## [Stored data]

****

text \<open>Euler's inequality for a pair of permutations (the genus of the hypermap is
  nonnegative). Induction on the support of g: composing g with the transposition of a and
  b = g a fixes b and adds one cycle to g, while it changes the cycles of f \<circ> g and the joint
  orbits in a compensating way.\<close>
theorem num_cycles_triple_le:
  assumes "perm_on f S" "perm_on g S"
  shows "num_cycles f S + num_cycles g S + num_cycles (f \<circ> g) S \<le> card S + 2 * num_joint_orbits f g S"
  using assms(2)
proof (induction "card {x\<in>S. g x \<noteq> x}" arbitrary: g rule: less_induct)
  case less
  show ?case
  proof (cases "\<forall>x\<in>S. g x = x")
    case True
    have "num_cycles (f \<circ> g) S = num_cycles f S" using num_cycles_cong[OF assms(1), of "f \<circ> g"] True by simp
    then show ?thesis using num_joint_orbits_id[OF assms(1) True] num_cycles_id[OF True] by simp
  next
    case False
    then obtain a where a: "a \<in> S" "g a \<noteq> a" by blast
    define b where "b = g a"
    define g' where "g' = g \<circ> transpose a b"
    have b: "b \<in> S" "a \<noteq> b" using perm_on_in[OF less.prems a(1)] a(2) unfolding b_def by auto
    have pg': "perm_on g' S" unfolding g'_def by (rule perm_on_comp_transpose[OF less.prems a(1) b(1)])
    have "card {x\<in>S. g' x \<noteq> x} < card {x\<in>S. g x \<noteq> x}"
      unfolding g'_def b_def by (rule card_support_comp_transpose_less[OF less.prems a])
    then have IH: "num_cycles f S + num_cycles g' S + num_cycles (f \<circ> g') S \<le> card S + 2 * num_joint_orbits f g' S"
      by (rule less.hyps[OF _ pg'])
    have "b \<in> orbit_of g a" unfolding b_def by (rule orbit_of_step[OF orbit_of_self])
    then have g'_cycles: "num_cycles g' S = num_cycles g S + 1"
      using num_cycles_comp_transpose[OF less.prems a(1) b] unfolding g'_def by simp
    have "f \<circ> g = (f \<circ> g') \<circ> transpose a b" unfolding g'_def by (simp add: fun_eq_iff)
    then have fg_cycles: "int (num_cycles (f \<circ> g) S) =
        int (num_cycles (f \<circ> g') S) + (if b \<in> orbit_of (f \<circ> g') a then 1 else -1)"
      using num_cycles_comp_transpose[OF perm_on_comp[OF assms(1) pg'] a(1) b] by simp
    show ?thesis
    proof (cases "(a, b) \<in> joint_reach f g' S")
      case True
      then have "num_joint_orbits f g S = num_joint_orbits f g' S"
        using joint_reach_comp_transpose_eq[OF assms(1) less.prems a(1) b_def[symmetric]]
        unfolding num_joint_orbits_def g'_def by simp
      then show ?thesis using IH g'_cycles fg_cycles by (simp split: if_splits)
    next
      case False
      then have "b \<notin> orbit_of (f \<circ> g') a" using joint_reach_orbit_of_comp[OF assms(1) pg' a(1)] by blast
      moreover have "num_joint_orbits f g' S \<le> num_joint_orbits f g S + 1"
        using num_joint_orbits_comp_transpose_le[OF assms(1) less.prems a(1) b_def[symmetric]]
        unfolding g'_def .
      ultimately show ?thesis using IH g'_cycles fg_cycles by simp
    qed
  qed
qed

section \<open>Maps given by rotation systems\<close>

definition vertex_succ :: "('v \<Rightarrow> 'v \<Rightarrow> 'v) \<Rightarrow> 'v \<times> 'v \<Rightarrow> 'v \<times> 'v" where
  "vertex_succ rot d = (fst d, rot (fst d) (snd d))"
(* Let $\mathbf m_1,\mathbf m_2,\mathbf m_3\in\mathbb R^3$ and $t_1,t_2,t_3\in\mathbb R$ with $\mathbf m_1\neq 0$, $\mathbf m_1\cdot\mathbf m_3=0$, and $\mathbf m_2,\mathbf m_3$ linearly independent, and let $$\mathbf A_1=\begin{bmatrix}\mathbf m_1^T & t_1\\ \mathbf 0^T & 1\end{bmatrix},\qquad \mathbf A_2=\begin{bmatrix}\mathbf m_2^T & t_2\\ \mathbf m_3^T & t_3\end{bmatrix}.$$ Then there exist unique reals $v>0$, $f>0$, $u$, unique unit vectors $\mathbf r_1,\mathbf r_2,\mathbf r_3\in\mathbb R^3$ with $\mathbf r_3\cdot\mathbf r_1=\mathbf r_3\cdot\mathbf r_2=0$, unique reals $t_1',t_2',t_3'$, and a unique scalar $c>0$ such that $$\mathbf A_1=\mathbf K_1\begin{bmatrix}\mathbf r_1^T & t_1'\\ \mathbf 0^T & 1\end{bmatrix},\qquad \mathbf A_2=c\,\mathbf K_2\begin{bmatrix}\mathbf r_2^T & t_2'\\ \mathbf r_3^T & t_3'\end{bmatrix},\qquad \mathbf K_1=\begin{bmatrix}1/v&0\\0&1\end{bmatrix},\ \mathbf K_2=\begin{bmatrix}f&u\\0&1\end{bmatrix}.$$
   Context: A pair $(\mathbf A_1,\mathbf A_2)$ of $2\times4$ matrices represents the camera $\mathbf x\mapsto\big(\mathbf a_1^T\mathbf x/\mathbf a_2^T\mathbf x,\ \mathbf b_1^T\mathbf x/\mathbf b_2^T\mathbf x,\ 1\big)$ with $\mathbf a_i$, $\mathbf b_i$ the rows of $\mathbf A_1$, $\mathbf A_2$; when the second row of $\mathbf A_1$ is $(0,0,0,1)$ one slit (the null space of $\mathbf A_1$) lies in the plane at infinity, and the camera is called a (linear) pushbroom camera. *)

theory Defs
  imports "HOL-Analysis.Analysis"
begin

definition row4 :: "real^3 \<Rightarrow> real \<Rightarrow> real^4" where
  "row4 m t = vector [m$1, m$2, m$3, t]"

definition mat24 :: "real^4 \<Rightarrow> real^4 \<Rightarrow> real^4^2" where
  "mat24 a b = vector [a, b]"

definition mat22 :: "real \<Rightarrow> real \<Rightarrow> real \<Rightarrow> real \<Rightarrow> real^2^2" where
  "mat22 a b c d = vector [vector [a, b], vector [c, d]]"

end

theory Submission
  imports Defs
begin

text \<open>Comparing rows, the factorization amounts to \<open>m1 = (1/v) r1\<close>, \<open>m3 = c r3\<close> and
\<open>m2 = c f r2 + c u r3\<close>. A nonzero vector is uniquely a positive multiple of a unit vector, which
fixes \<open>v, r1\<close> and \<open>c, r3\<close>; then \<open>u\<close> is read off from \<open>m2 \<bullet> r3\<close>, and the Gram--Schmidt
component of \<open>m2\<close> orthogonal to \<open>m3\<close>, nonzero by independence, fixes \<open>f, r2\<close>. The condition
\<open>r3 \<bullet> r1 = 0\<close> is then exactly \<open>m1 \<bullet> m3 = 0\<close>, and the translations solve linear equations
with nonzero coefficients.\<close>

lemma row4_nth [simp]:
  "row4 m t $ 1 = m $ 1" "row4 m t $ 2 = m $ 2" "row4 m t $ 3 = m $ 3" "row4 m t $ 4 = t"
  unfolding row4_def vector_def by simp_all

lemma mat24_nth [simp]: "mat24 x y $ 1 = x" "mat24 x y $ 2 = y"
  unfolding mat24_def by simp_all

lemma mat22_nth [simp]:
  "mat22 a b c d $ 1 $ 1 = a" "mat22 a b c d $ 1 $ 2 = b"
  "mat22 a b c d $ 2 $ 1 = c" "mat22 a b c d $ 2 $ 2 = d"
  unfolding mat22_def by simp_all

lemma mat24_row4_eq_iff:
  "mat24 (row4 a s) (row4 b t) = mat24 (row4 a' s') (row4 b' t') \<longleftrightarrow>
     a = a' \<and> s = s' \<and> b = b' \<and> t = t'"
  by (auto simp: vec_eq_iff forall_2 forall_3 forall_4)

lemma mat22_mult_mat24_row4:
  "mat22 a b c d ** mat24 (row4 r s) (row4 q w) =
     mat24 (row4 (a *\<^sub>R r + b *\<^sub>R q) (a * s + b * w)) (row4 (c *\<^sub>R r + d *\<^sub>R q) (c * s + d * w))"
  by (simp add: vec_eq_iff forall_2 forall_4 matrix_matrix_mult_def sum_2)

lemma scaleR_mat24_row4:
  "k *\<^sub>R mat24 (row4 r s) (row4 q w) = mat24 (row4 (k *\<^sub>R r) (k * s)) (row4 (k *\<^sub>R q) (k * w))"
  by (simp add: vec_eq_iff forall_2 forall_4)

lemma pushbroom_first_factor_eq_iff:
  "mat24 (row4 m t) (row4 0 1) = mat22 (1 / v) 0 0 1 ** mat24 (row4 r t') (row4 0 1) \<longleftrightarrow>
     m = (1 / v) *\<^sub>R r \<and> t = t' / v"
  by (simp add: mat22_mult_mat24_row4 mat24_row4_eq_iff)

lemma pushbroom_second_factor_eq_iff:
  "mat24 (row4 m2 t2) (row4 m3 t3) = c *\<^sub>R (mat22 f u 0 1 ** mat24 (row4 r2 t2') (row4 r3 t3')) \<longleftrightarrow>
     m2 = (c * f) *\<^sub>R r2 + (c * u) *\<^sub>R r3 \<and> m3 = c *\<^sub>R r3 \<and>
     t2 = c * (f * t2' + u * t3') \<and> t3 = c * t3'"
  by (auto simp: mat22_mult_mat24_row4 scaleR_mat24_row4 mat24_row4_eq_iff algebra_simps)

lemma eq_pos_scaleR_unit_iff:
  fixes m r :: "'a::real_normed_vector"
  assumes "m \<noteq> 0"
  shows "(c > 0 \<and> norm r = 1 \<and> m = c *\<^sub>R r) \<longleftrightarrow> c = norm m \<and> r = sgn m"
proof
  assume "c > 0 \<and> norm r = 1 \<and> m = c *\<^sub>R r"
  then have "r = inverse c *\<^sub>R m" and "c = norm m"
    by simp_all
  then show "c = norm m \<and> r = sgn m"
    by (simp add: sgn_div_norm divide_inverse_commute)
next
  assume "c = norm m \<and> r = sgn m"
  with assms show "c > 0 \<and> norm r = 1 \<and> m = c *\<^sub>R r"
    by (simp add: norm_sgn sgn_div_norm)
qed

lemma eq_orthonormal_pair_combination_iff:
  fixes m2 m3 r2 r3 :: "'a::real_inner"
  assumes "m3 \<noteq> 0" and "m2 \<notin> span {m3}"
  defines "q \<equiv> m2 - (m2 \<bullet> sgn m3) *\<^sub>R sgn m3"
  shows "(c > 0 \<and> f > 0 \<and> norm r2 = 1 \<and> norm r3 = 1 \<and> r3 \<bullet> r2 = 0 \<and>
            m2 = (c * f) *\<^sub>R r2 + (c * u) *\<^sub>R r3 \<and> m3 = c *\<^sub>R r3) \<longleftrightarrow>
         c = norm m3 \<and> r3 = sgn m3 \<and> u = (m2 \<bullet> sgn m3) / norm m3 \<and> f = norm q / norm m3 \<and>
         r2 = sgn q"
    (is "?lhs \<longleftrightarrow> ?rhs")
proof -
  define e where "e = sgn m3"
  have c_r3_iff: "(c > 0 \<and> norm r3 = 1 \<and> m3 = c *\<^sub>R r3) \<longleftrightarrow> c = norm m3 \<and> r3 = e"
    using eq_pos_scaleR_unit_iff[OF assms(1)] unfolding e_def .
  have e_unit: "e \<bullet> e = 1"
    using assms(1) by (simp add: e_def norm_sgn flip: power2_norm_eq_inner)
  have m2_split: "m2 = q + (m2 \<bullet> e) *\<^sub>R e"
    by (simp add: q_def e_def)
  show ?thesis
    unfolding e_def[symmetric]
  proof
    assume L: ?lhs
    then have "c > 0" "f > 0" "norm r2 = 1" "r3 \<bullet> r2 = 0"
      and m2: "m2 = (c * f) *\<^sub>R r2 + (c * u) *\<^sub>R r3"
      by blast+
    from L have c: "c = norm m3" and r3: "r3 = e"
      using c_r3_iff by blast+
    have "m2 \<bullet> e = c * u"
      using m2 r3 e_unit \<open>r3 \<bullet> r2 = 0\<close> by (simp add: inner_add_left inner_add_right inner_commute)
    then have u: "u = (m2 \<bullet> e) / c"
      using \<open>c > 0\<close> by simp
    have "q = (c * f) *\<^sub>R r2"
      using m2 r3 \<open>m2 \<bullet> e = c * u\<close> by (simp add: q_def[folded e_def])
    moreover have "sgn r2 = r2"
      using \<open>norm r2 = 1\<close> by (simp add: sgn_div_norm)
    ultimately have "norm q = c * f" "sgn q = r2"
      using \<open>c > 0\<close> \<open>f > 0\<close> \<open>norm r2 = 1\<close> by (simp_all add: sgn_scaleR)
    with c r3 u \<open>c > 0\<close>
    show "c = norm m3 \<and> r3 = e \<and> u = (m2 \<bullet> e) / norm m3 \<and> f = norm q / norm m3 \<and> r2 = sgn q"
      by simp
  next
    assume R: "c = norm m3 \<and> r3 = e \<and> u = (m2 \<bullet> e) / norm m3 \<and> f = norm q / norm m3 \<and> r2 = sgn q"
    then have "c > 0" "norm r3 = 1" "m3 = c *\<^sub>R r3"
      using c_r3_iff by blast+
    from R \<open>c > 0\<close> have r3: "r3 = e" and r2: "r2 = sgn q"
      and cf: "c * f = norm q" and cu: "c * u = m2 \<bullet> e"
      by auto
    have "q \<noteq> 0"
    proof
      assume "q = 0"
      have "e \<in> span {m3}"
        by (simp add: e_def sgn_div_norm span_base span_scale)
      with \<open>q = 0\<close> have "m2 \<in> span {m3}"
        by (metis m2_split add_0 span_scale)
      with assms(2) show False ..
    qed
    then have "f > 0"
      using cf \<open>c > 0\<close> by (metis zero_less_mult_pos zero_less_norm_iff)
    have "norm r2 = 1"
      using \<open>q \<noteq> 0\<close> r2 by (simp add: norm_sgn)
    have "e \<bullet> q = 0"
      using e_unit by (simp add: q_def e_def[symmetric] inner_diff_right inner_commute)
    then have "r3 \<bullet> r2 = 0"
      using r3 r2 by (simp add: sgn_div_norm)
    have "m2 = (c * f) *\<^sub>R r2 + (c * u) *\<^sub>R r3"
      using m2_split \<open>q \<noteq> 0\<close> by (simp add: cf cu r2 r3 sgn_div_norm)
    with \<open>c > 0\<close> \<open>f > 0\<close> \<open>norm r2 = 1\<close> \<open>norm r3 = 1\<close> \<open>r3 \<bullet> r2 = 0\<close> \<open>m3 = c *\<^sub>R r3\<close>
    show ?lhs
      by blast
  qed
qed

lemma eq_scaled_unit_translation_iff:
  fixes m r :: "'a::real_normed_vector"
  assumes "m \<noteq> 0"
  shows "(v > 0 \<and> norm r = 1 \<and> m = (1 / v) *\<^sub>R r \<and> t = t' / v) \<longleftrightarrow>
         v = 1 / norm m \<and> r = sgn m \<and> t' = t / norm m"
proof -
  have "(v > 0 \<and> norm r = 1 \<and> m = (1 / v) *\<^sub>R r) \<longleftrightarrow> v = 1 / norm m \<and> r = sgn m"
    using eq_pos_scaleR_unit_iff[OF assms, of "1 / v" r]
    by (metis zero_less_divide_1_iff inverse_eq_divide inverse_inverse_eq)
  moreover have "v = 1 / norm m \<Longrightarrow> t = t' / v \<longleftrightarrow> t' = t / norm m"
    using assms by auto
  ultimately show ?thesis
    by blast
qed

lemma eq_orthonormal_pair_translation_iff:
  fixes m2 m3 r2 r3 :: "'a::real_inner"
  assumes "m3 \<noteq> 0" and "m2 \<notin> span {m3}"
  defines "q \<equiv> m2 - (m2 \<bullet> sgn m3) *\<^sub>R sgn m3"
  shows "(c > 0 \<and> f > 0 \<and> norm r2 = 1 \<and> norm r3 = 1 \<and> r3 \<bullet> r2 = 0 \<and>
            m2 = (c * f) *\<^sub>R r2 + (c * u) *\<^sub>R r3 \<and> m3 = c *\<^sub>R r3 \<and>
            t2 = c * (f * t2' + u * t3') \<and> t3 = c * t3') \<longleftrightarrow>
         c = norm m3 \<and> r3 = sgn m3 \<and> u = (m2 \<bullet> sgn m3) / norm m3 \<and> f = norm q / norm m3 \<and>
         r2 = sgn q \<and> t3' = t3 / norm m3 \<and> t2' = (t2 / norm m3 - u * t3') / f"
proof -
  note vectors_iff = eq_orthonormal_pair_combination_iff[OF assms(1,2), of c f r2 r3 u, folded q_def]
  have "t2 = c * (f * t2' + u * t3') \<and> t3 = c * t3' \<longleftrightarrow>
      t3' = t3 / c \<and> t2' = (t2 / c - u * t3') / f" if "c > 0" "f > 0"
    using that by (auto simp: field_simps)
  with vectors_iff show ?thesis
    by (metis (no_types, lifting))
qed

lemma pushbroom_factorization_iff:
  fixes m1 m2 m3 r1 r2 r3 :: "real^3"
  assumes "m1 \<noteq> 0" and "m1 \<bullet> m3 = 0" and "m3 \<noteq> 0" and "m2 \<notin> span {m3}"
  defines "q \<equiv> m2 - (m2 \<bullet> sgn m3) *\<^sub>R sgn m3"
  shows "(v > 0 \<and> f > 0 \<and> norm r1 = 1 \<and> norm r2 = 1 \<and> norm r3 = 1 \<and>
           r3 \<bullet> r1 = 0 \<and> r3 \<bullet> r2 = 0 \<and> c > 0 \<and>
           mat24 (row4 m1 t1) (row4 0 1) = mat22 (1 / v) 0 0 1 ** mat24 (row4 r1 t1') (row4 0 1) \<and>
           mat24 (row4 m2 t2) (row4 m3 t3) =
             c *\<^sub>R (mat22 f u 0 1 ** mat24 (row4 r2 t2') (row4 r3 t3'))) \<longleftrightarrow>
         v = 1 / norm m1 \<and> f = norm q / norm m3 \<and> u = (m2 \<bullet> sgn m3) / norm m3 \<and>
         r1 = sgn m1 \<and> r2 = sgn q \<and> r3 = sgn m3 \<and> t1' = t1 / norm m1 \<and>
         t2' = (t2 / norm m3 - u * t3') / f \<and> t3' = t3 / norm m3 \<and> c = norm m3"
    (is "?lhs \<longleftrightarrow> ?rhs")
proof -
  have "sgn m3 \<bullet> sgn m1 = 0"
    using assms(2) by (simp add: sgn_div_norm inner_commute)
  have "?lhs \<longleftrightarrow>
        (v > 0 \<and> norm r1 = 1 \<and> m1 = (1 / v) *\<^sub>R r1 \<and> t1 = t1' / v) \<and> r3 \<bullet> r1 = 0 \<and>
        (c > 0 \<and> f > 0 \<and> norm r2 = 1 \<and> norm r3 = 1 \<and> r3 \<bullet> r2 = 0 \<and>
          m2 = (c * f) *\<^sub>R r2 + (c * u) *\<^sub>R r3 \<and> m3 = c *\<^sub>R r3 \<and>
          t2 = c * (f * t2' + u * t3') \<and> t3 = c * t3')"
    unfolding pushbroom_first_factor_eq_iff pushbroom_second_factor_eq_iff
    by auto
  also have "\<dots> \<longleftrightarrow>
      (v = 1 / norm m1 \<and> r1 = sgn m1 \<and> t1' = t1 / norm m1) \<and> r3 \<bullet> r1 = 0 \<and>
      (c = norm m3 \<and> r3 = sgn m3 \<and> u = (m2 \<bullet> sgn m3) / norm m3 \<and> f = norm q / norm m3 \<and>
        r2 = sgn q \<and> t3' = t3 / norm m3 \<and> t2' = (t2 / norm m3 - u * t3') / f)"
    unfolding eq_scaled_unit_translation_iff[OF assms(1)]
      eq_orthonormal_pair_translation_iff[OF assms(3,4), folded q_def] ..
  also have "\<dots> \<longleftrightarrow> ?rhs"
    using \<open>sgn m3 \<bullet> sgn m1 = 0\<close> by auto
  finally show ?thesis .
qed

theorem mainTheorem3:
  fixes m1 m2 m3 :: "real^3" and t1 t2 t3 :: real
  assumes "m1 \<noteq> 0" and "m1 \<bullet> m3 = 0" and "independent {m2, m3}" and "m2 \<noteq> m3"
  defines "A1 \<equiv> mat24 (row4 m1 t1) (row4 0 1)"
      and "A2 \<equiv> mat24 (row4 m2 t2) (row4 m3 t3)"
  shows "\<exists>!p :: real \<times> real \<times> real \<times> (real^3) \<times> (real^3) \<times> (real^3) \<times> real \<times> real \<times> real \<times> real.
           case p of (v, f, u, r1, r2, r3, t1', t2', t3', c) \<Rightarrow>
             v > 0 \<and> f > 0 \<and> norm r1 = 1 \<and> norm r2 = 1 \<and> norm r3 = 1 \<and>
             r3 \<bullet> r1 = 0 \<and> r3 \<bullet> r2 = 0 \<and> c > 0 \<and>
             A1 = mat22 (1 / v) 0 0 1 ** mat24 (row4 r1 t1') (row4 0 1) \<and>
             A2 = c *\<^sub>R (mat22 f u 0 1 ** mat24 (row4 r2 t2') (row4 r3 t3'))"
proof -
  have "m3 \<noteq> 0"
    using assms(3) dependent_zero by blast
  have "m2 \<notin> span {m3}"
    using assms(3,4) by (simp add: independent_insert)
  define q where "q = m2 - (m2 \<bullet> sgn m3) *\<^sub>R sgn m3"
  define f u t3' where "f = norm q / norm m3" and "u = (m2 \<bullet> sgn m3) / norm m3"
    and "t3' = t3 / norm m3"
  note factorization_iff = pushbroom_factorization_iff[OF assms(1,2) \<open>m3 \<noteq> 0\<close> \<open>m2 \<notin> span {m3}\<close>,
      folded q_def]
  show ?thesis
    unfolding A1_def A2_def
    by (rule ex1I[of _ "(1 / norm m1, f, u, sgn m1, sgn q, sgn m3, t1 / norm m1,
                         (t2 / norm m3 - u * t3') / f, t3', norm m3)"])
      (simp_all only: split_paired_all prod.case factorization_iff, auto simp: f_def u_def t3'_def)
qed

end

****

## [EXERCISE AIM]
Where a line of the records contains the word "blast", copy that line.

## [RESPONSE AREA]
    then obtain a where a: "a \<in> S" "g a \<noteq> a" by blast
      then have "b \<notin> orbit_of (f \<circ> g') a" using joint_reach_orbit_of_comp[OF assms(1) pg' a(1)] by blast
      by blast+
      using c_r3_iff by blast+
      using c_r3_iff by blast+
      by blast
    by blast
    using assms(3) dependent_zero by blast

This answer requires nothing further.